ITIL Problem Solving

By Leigh Wilkinson, OIT

One of the elements of the ITIL based service model is the Continuous Service Improvement (CSI) component. CSI is dedicated to the following objectives:

  • Review, analyze, and make recommendations on improvement opportunities in each lifecycle component of OIT
  • Review and analyze service levels
  • Identify and implement activities to improve OIT services
  • Improve cost effectiveness of OIT services
  • Ensure applicable quality management methods are used to support continual improvement activities.

These objectives can be reached through frequent review of metrics and management of information currently available, assisting others in OIT in implementing additional metrics, and auditing activities to verify process compliance.
Often CSI requires that we adopt a root cause problem solving approach to a difficult problem. Problems in ITIL are described at two levels:

  1. Incidents – any time a process fails to meet the promised standard
  2. Problems – incidents that reoccur with enough frequency that standard solutions known as ‘workarounds’ can be determined and become part of a regular process

When a problem is particularly difficult and a solution cannot be easily found then it is assigned to a root cause problem analysis team.
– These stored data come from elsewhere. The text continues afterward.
text \<open>No node lies within some height gap above the image of q, so continuity at q
  forbids nearby points of an edge to be sent to different branches.\<close>

lemma commutes_with_up_near:
  assumes m1: "merge_tree T1" and m2: "merge_tree T2"
    and shift: "height_shift T1 T2 c \<phi>" and cont: "cont_map T1 T2 \<phi>" and q: "q \<in> pts T1"
  obtains \<rho> where "\<rho> > 0"
    and "\<And>p r. p \<in> pts T1 \<Longrightarrow> 0 \<le> r \<Longrightarrow> r < \<rho> \<Longrightarrow> q = p \<or> q = up T1 p r \<Longrightarrow>
           \<phi> (up T1 p r) = up T2 (\<phi> p) r"
proof -
  define H where "H = snd (\<phi> q)"
  obtain \<eta> where \<eta>: "\<eta> > 0" "\<forall>n\<in>nodes T2. H < ht T2 n \<longrightarrow> H + \<eta> \<le> ht T2 n"
    using node_height_gap[OF m2] by blast
  obtain d where d: "d > 0" "\<forall>q'\<in>pts T1. tdist T1 q q' < d \<longrightarrow> tdist T2 (\<phi> q) (\<phi> q') < \<eta>"
    using cont q \<eta>(1) unfolding cont_map_def by blast
  show thesis
  proof (rule that[of "min d (\<eta> / 2)"])
    show "min d (\<eta> / 2) > 0"
      using d \<eta> by simp
    fix p r assume p: "p \<in> pts T1" and r: "0 \<le> r" "r < min d (\<eta> / 2)"
      and qp: "q = p \<or> q = up T1 p r"
    define p' where "p' = up T1 p r"
    have p': "p' \<in> pts T1" "tdist T1 p p' = r"
      using up_in_pts[OF m1 p r(1)] tdist_up[OF m1 p r(1)] by (simp_all add: p'_def)
    have close: "tdist T2 (\<phi> p) (\<phi> p') < \<eta>"
      using qp
    proof
      assume "q = p"
      then show ?thesis using d(2) p' r by auto
    next
      assume "q = up T1 p r"
      then have "tdist T2 (\<phi> p') (\<phi> p) < \<eta>"
        using d(2) p p' r tdist_sym[of T1 p' p] by (auto simp: p'_def)
      then show ?thesis
        using tdist_sym[of T2] by simp
    qed
    have hts: "snd (\<phi> p') = snd (\<phi> p) + r" "H \<le> snd (\<phi> p')" "snd (\<phi> p') \<le> H + r"
      using qp shift p p' snd_up[OF m1 p r(1)] r(1) unfolding height_shift_def H_def p'_def
      by auto
    have "up T2 (\<phi> p) (snd (\<phi> p') - snd (\<phi> p)) = \<phi> p'"
    proof (rule up_eq_if_close[OF m2, where \<delta> = "\<eta> - r"])
      show "\<forall>n\<in>nodes T2. snd (\<phi> p') < ht T2 n \<longrightarrow> snd (\<phi> p') + (\<eta> - r) \<le> ht T2 n"
        using \<eta>(2) hts by force
      show "tdist T2 (\<phi> p) (\<phi> p') < 2 * (\<eta> - r)"
        using close r(2) by simp
    qed (use shift p p' hts r(1) in \<open>auto simp: height_shift_def\<close>)
    then show "\<phi> (up T1 p r) = up T2 (\<phi> p) r"
      using hts(1) by (simp add: p'_def)
  qed
qed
This team is usually comprised of representatives from each formal work group who has any involvement in the failing process.  These members generally come from OIT but may also include the customer when appropriate. The team is led by a facilitator trained in the use of root cause process analysis tools. These tools come from the quality and process improvement disciplines often referenced as TQM, lean, Kaizen, or Six Sigma processes.
The group gathers together to define the problem in detail including the impact on customers. The group gathers any metrics available to measure the performance issue and includes any baseline performance data for good performance.
Next the group outlines possible causes and begins a systemic elimination of any possible causes. The goal is to produce a matrix of all related causal factors and to create a better understanding of how to resolve performance issues while mitigating the possibility of the problem returning. During this process the group also explores the opportunity to improve on the effectiveness and efficiency of the baseline process.
Once the problem has been resolved, a session is held to elicit lessons learned and documentation is kept for use in similar situations. The ultimate goal is to avoid having to relive the problem over and over again.
We have implemented a few of these root cause teams in the last year and while the teams have achieved desired results we haven’t always been happy with the amount of time it took to get results. The good news is we are getting better at it and the time frames are generally shrinking. We are asking better questions, collecting better data, and getting faster results.
We have developed a few significant lessons learned from this experience:

  • Clear and accurate definition of the problem and impact is critical
  • Clear definition of terms is critical
  • When faced with a difficult problem, look at the process first
  • Use what data you have and note where missing data is critical – take steps to begin gathering data where needed
  • Put data gathering and documentation as a priority before, during and after experiencing problems – gathering data after the fact isn’t easy or always possible.
  • Trust the process and tool sets to get results
  • Create short term and long term improvement plans – agree on priorities
  • Follow up on those plans to ensure that they are being implemented.

Two of W. Edward Deming’s 14 Quality points are worth considering here: "Improve constantly and forever" and "The transformation is everyone's job". We are on our way to full ITIL based best practices as we adopt problem solving and resolution processes to ensure that we eliminate as much as possible variation and performance problems across OIT.